Saved data entries

━━━━━━━━━━━━━━━━

text \<open>On the minimal set the two roots differ only by shifts along the axis (the same for
  all points); comparing K-th powers shows that the shifts coincide.\<close>
lemma centralizing_roots_agree:
  assumes f1: "centralizes f1" and f2: "centralizes f2" and "0 < K"
    and root1: "\<And>x. (f1 ^^ K) x = s x" and root2: "\<And>x. (f2 ^^ K) x = s x"
    and x0: "x0 \<in> min_set"
  shows "f1 x0 = f2 x0"
proof -
  note commute1 = centralizes_funpow_axis_step[OF f1]
    and commute2 = centralizes_funpow_axis_step[OF f2]
  obtain a b where ab: "(axis_step ^^ a) (f1 x0) = (axis_step ^^ b) (f2 x0)"
    using axis_step_orbits_meet[OF centralizes_min_set[OF f1 x0] centralizes_min_set[OF f2 x0]]
      by blast
  have shift: "(axis_step ^^ a) (f1 z) = (axis_step ^^ b) (f2 z)" if z: "z \<in> min_set" for z
  proof -
    obtain p q where pq: "(axis_step ^^ p) x0 = (axis_step ^^ q) z"
      using axis_step_orbits_meet[OF x0 z] by blast
    have "(axis_step ^^ q) ((axis_step ^^ a) (f1 z)) = (axis_step ^^ p) ((axis_step ^^ a) (f1 x0))"
      using pq commute1 funpow_commute by metis
    also have "\<dots> = (axis_step ^^ q) ((axis_step ^^ b) (f2 z))"
      using ab pq commute2 funpow_commute by metis
    finally show ?thesis
      using funpow_axis_step_inj funpow_axis_step_min_set centralizes_min_set f1 f2 z by metis
  qed
  have "(axis_step ^^ (a * r)) ((f1 ^^ r) x0) = (axis_step ^^ (b * r)) ((f2 ^^ r) x0)" for r
  proof (induction r)
    case (Suc r)
    have "(axis_step ^^ (a * Suc r)) ((f1 ^^ Suc r) x0)
        = (axis_step ^^ (a * r)) ((axis_step ^^ a) (f1 ((f1 ^^ r) x0)))"
      by (simp add: funpow_add mult_Suc_right funpow_commute)
    also have "\<dots> = (axis_step ^^ (a * r)) ((axis_step ^^ b) (f2 ((f1 ^^ r) x0)))"
      using shift[OF centralizes_funpow_min_set[OF f1 x0]] by simp
    also have "\<dots> = (axis_step ^^ b) (f2 ((axis_step ^^ (b * r)) ((f2 ^^ r) x0)))"
      using Suc.IH commute2 funpow_commute by metis
    also have "\<dots> = (axis_step ^^ (b * Suc r)) ((f2 ^^ Suc r) x0)"
      using commute2 by (simp add: funpow_add mult_Suc_right funpow_commute)
    finally show ?case .
  qed simp
  from this[of K] have "(axis_step ^^ (a * K)) (s x0) = (axis_step ^^ (b * K)) (s x0)"
    using root1 root2 by simp
  then have "a = b"
    using funpow_axis_step_eq_iff[OF centralizes_min_set[OF centralizes_s x0]] \<open>0 < K\<close> by simp
  then show ?thesis
    using ab funpow_axis_step_inj centralizes_min_set f1 f2 x0 by metis
qed

end

section \<open>Twisted actions on trees\<close>

locale twisted_tree_action = group G + tree E
  for G :: "('g, 'b) monoid_scheme" (structure) and E :: "'v \<Rightarrow> 'v \<Rightarrow> bool" +
  fixes act :: "'g \<Rightarrow> 'v \<Rightarrow> 'v" and Phi :: "'g \<Rightarrow> 'g" and t :: "'v \<Rightarrow> 'v"
  assumes G_torsion_free: "torsion_free G"
    and action: "group_action G UNIV act"
    and act_isometry: "g \<in> carrier G \<Longrightarrow> tree_isometry E (act g)"
    and edge_stabilizers_trivial: "trivial_edge_stabilizers G act E"
    and Phi_iso: "Phi \<in> iso G G"
    and t_isometry: "tree_isometry E t"
    and t_equivariant: "g \<in> carrier G \<Longrightarrow> t (act g x) = act (Phi g) (t x)"
    and t_preserves_edge_orbits: "E u v \<Longrightarrow> \<exists>g\<in>carrier G. t u = act g u \<and> t v = act g v"
    and neat_at_fixed_vertex: "t v = v \<Longrightarrow> neat (G\<lparr>carrier := stabilizer G act v\<rparr>) Phi"
begin

sublocale Phi: group_hom G G Phi
  using Phi_iso unfolding iso_def by (simp add: group_hom_def group_hom_axioms_def is_group)

lemma funpow_Phi_closed [simp]: "g \<in> carrier G \<Longrightarrow> (Phi ^^ n) g \<in> carrier G"
  by (induction n) auto

lemma funpow_Phi_inv: "g \<in> carrier G \<Longrightarrow> (Phi ^^ n) (inv g) = inv ((Phi ^^ n) g)"
  by (induction n) auto

lemma act_mult: "a \<in> carrier G \<Longrightarrow> b \<in> carrier G \<Longrightarrow> act (a \<otimes> b) x = act a (act b x)"
  using group_action.composition_rule[OF action] by simp

lemma act_one [simp]: "act \<one> x = x"
  using group_action.id_eq_one[OF action] by (metis UNIV_I restrict_apply')

lemma act_inv_act [simp]: "g \<in> carrier G \<Longrightarrow> act (inv g) (act g x) = x"
  using act_mult[of "inv g" g x] by simp

lemma act_act_inv [simp]: "g \<in> carrier G \<Longrightarrow> act g (act (inv g) x) = x"
  using act_mult[of g "inv g" x] by simp

lemma stabilizes_edge_imp_one:
  assumes "E u v" "g \<in> carrier G" "{act g u, act g v} = {u, v}"
  shows "g = \<one>"
proof -
  have "g \<in> {g \<in> carrier G. {act g u, act g v} = {u, v}}" using assms(2,3) by simp
  then show ?thesis using edge_stabilizers_trivial assms(1) unfolding trivial_edge_stabilizers_def
    by blast
qed

lemma fixes_edge_imp_one: "E u v \<Longrightarrow> g \<in> carrier G \<Longrightarrow> act g u = u \<Longrightarrow> act g v = v \<Longrightarrow> g = \<one>"
  using stabilizes_edge_imp_one by simp

text \<open>On the edge t acts like some g, which would swap its ends and hence be trivial.\<close>
lemma t_no_inversion:
  assumes "E u v" "t u = v" "t v = u"
  shows False
proof -
  obtain g where g: "g \<in> carrier G" "t u = act g u" "t v = act g v"
    using t_preserves_edge_orbits[OF assms(1)] by blast
  moreover have "{act g u, act g v} = {u, v}" using g assms(2,3) by (simp add: insert_commute)
  ultimately have "g = \<one>" using stabilizes_edge_imp_one[OF assms(1)] by blast
  then show False using g assms edge_irrefl by simp
qed

lemma funpow_t_act: "g \<in> carrier G \<Longrightarrow> (t ^^ n) (act g x) = act ((Phi ^^ n) g) ((t ^^ n) x)"
  by (induction n) (auto simp: t_equivariant)

lemma Phi_fixed_in_fixed_stabilizer:
  assumes "t w = w" "g \<in> carrier G" "act g w = w" "0 < N" "(Phi ^^ N) g = g"
  shows "Phi g = g"
proof -
  have "g \<in> stabilizer G act w" unfolding stabilizer_def using assms by simp
  moreover have "aut_pow (G\<lparr>carrier := stabilizer G act w\<rparr>) Phi (int N) g = g"
    unfolding aut_pow_def using assms by simp
  moreover have "int N \<noteq> 0" using \<open>0 < N\<close> by simp
  moreover have "\<forall>h\<in>stabilizer G act w. \<forall>k. k \<noteq> 0 \<and> aut_pow (G\<lparr>carrier := stabilizer G act w\<rparr>) Phi k h = h
      \<longrightarrow> Phi h = h"
    using neat_at_fixed_vertex[OF assms(1)] unfolding neat_def by simp
  ultimately show ?thesis by blast
qed

text \<open>Phi^(j-1)(g) \<dots> Phi(g) g, which acts like t^j wherever g acts like t.\<close>
primrec twisted_pow :: "'g \<Rightarrow> nat \<Rightarrow> 'g" where
  "twisted_pow g 0 = \<one>"
| "twisted_pow g (Suc j) = Phi (twisted_pow g j) \<otimes> g"

lemma twisted_pow_closed [simp]: "g \<in> carrier G \<Longrightarrow> twisted_pow g j \<in> carrier G"
  by (induction j) auto

lemma twisted_pow_Suc': "g \<in> carrier G \<Longrightarrow> twisted_pow g (Suc j) = (Phi ^^ j) g \<otimes> twisted_pow g j"
proof (induction j)
  case (Suc j)
  then show ?case by (simp add: m_assoc)
qed simp

lemma twisted_pow_Phi_fixed: "g \<in> carrier G \<Longrightarrow> Phi g = g \<Longrightarrow> twisted_pow g j = g [^] j"
  by (induction j) (auto simp: nat_pow_Suc2 Phi.hom_nat_pow)

lemma funpow_t_twisted_pow:
  assumes "g \<in> carrier G" "t y = act g y"
  shows "(t ^^ j) y = act (twisted_pow g j) y"
proof (induction j)
  case (Suc j)
  then show ?case using assms by (simp add: t_equivariant act_mult)
qed simp

lemma twisted_pow_eq_one_imp_one:
  assumes g: "g \<in> carrier G" and "t w = w" "act g w = w" "0 < N" and "twisted_pow g N = \<one>"
  shows "g = \<one>"
proof -
  have "(Phi ^^ N) g = g"
    using twisted_pow_Suc'[OF g, of N] \<open>twisted_pow g N = \<one>\<close> g by simp
  then have "Phi g = g" using Phi_fixed_in_fixed_stabilizer assms by blast
  then have "g [^] N = \<one>" using twisted_pow_Phi_fixed[OF g] \<open>twisted_pow g N = \<one>\<close> by simp
  then show ?thesis using G_torsion_free g \<open>0 < N\<close> unfolding torsion_free_def by blast
qed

━━━━━━━━━━━━━━━━

Please print the records above exactly from their first line. End with the line containing "obtain a b where", and include it.

text \<open>On the minimal set the two roots differ only by shifts along the axis (the same for
  all points); comparing K-th powers shows that the shifts coincide.\<close>
lemma centralizing_roots_agree:
  assumes f1: "centralizes f1" and f2: "centralizes f2" and "0 < K"
    and root1: "\<And>x. (f1 ^^ K) x = s x" and root2: "\<And>x. (f2 ^^ K) x = s x"
    and x0: "x0 \<in> min_set"
  shows "f1 x0 = f2 x0"
proof -
  note commute1 = centralizes_funpow_axis_step[OF f1]
    and commute2 = centralizes_funpow_axis_step[OF f2]
  obtain a b where ab: "(axis_step ^^ a) (f1 x0) = (axis_step ^^ b) (f2 x0)"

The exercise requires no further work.